The main goal is to understand how Pixar films differ across time, rating categories, runtime, and public/critical reception. The project does not try to prove causality. Instead, it uses descriptive analysis, data transformation, and visualizations to identify patterns.

2 Research questions

The analysis is guided by the following questions:

  1. How has Pixar’s film output changed over time?
  2. Are longer Pixar films rated better, worse, or similarly to shorter films?
  3. Do audience-oriented and critic-oriented rating measures tell the same story?
  4. Which films perform strongest across multiple rating systems?
  5. Are some film rating categories associated with different runtime or score patterns?
  6. Which films have the largest gap between Rotten Tomatoes and Metacritic scores?

3 Required packages

library(data.table)
library(ggplot2)
library(readr)
library(dplyr)
library(tidyr)
library(stringr)
library(forcats)
library(RColorBrewer)
library(scales)
library(knitr)

4 Loading the TidyTuesday data

The data is read directly from the official TidyTuesday GitHub repository.

pixar_films <- read_csv(
  "https://raw.githubusercontent.com/rfordatascience/tidytuesday/main/data/2025/2025-03-11/pixar_films.csv"
)

public_response <- read_csv(
  "https://raw.githubusercontent.com/rfordatascience/tidytuesday/main/data/2025/2025-03-11/public_response.csv"
)

head(pixar_films)
head(public_response)

5 Data structure

str(pixar_films)
## spc_tbl_ [27 × 5] (S3: spec_tbl_df/tbl_df/tbl/data.frame)
##  $ number      : num [1:27] 1 2 3 4 5 6 7 8 9 10 ...
##  $ film        : chr [1:27] "Toy Story" "A Bug's Life" "Toy Story 2" "Monsters, Inc." ...
##  $ release_date: Date[1:27], format: "1995-11-22" "1998-11-25" ...
##  $ run_time    : num [1:27] 81 95 92 92 100 115 117 111 98 96 ...
##  $ film_rating : chr [1:27] "G" "G" "G" "G" ...
##  - attr(*, "spec")=
##   .. cols(
##   ..   number = col_double(),
##   ..   film = col_character(),
##   ..   release_date = col_date(format = ""),
##   ..   run_time = col_double(),
##   ..   film_rating = col_character()
##   .. )
##  - attr(*, "problems")=<externalptr>
str(public_response)
## spc_tbl_ [24 × 5] (S3: spec_tbl_df/tbl_df/tbl/data.frame)
##  $ film           : chr [1:24] "Toy Story" "A Bug's Life" "Toy Story 2" "Monsters, Inc." ...
##  $ rotten_tomatoes: num [1:24] 100 92 100 96 99 97 74 96 95 98 ...
##  $ metacritic     : num [1:24] 95 77 88 79 90 90 73 96 95 88 ...
##  $ cinema_score   : chr [1:24] "A" "A" "A+" "A+" ...
##  $ critics_choice : num [1:24] NA NA 100 92 97 88 89 91 90 95 ...
##  - attr(*, "spec")=
##   .. cols(
##   ..   film = col_character(),
##   ..   rotten_tomatoes = col_double(),
##   ..   metacritic = col_double(),
##   ..   cinema_score = col_character(),
##   ..   critics_choice = col_double()
##   .. )
##  - attr(*, "problems")=<externalptr>

The first dataset contains the film-level information, while the second dataset contains public and critic response variables.
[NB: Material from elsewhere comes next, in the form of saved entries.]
lemma forest_int_edges_le_card:
  assumes F: "forest V E" and "U \<subseteq> V"
  shows "int_edges E U \<le> card U"
proof -
  have G: "simple_graph V E" using F by (rule forest_simple_graph)
  have "finite U" using G \<open>U \<subseteq> V\<close> simple_graph_finite finite_subset by blast
  then show ?thesis using \<open>U \<subseteq> V\<close>
  proof (induction rule: finite_remove_induct)
    case empty
    show ?case using int_edges_empty[OF G] by simp
  next
    case (remove A)
    then obtain v where v: "v \<in> A" and leaf: "card {u \<in> A. {u, v} \<in> E} \<le> 1"
      using forest_has_leaf[OF F] by blast
    have N: "{u \<in> A - {v}. {u, v} \<in> E} = {u \<in> A. {u, v} \<in> E}"
      using simple_graph_no_loop[OF G] by auto
    have "int_edges E A = int_edges E (A - {v}) + card {u \<in> A. {u, v} \<in> E}"
      using int_edges_insert[OF G, of v "A - {v}"] v N by (simp add: insert_absorb)
    moreover have "int_edges E (A - {v}) \<le> card (A - {v})" using remove.IH[OF v] remove.prems by blast
    moreover have "card A = Suc (card (A - {v}))" using card_Suc_Diff1[OF remove.hyps(1) v] by simp
    ultimately show ?case using leaf by linarith
  qed
qed

lemma card_colorings_on_forest:
  assumes F: "forest V E" and "U \<subseteq> V" and "finite C"
  shows "card (colorings_on E U C) =
           card C ^ (card U - int_edges E U) * (card C - 1) ^ int_edges E U"
proof -
  have G: "simple_graph V E" using F by (rule forest_simple_graph)
  have "finite U" using G \<open>U \<subseteq> V\<close> simple_graph_finite finite_subset by blast
  then show ?thesis using \<open>U \<subseteq> V\<close>
  proof (induction rule: finite_remove_induct)
    case empty
    show ?case using int_edges_empty[OF G] by (simp add: colorings_on_empty)
  next
    case (remove A)
    then obtain v where v: "v \<in> A" and leaf: "card {u \<in> A. {u, v} \<in> E} \<le> 1"
      using forest_has_leaf[OF F] by blast
    let ?A' = "A - {v}" and ?n = "card {u \<in> A. {u, v} \<in> E}"
    have N: "{u \<in> ?A'. {u, v} \<in> E} = {u \<in> A. {u, v} \<in> E}"
      using simple_graph_no_loop[OF G] by auto
    have A: "insert v ?A' = A" using v by blast
    have ints: "int_edges E A = int_edges E ?A' + ?n"
      using int_edges_insert[OF G, of v ?A'] N A by simp
    have cols: "card (colorings_on E A C) = card (colorings_on E ?A' C) * (card C - ?n)"
      using card_colorings_on_insert[of v ?A' E C] N A leaf remove.hyps(1) \<open>finite C\<close>
        simple_graph_no_loop[OF G] by simp
    have IH: "card (colorings_on E ?A' C) =
        card C ^ (card ?A' - int_edges E ?A') * (card C - 1) ^ int_edges E ?A'"
      using remove.IH[OF v] remove.prems by blast
    have le: "int_edges E ?A' \<le> card ?A'"
      using forest_int_edges_le_card[OF F, of ?A'] remove.prems by blast
    have card: "card A = Suc (card ?A')" using card_Suc_Diff1[OF remove.hyps(1) v] by simp
    from leaf consider "?n = 0" | "?n = 1" by linarith
    then show ?case
    proof cases
      case 1
      then show ?thesis using ints cols IH le card by (simp add: Suc_diff_le)
    next
      case 2
      then show ?thesis using ints cols IH le card by simp
    qed
  qed
qed
lemma path_subset_productD:
  assumes "path (trans (subset_product M A)) x w None" "\<And>\<sigma> l. (final M, \<sigma>, l) \<notin> trans M"
  shows "x = prod_loc M A q S \<Longrightarrow> path (trans M) q w (final M) \<and> (\<exists>b\<in>S. path (trans A) b w (final A))"
  using assms(1)
proof (induction x w "None :: ('a \<times> 'b set) option" arbitrary: q S rule: path.induct)
  case path_nil
  then have "q = final M" "final A \<in> S" using prod_loc_eq_None_iff by metis+
  then show ?case by (blast intro: path.path_nil)
next
  case (path_cons x \<sigma> x' w)
  then obtain q0 S0 q0' where t: "(q0, \<sigma>, q0') \<in> trans M"
    "x = prod_loc M A q0 S0" "x' = prod_loc M A q0' (succs (trans A) S0 \<sigma>)"
    by (auto simp: trans_subset_product)
  have "q0 \<noteq> final M" using t(1) assms(2) by blast
  with t(2) path_cons.prems have "q0 = q" "S0 = S" by (auto dest: prod_loc_eq_Some simp: prod_loc_nonfinal)
  with path_cons.hyps(3)[OF t(3)] t(1) show ?case
    unfolding succs_def by (auto intro: path.path_cons)
qed

lemma lang_subset_product:
  assumes "\<And>\<sigma> l. (final M, \<sigma>, l) \<notin> trans M" "is_pcfa Sig A"
  shows "lang (subset_product M A) = lang M \<inter> lang A"
proof (intro equalityI subsetI)
  fix w assume "w \<in> lang (subset_product M A)"
  with path_subset_productD[OF _ assms(1) refl] show "w \<in> lang M \<inter> lang A"
    unfolding lang_def by auto
next
  fix w assume "w \<in> lang M \<inter> lang A"
  with path_subset_productI[of M "init M" w "{init A}" A "init A"] is_pcfaD[OF assms(2)]
  show "w \<in> lang (subset_product M A)"
    unfolding lang_def by auto
qed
The shared variable is film, which makes it possible to merge the two datasets.

6 Converting to data.table

pixar_dt <- as.data.table(pixar_films)
response_dt <- as.data.table(public_response)

class(pixar_dt)
## [1] "data.table" "data.frame"
class(response_dt)
## [1] "data.table" "data.frame"

7 Extra work 1: Data quality checks

Before analysis, I check the number of rows, columns, duplicate films, and missing values.

data_quality <- data.table(
  dataset = c("pixar_films", "public_response"),
  rows = c(nrow(pixar_dt), nrow(response_dt)),
  columns = c(ncol(pixar_dt), ncol(response_dt)),
  duplicate_films = c(
    pixar_dt[, sum(duplicated(film))],
    response_dt[, sum(duplicated(film))]
  )
)

data_quality
missing_pixar <- pixar_dt[, lapply(.SD, function(x) sum(is.na(x)))]
missing_response <- response_dt[, lapply(.SD, function(x) sum(is.na(x)))]

missing_pixar
missing_response

This step is useful because missing values and duplicate rows can affect summaries and plots. There are no duplicate film titles in the main film-level files, so the merge can be done safely at the film level.

8 Merging datasets

This is one of the extra requirements for an A grade. I merge the film metadata with the public response data using the shared film column.

pixar_merged <- merge(
  pixar_dt,
  response_dt,
  by = "film",
  all.x = TRUE
)

head(pixar_merged)
dim(pixar_merged)
## [1] 27  9

9 Extra work 2: Feature engineering

I add several new variables to make the analysis more meaningful:

pixar_merged[, release_year := as.integer(format(release_date, "%Y"))]

pixar_merged[, decade := paste0(floor(release_year / 10) * 10, "s")]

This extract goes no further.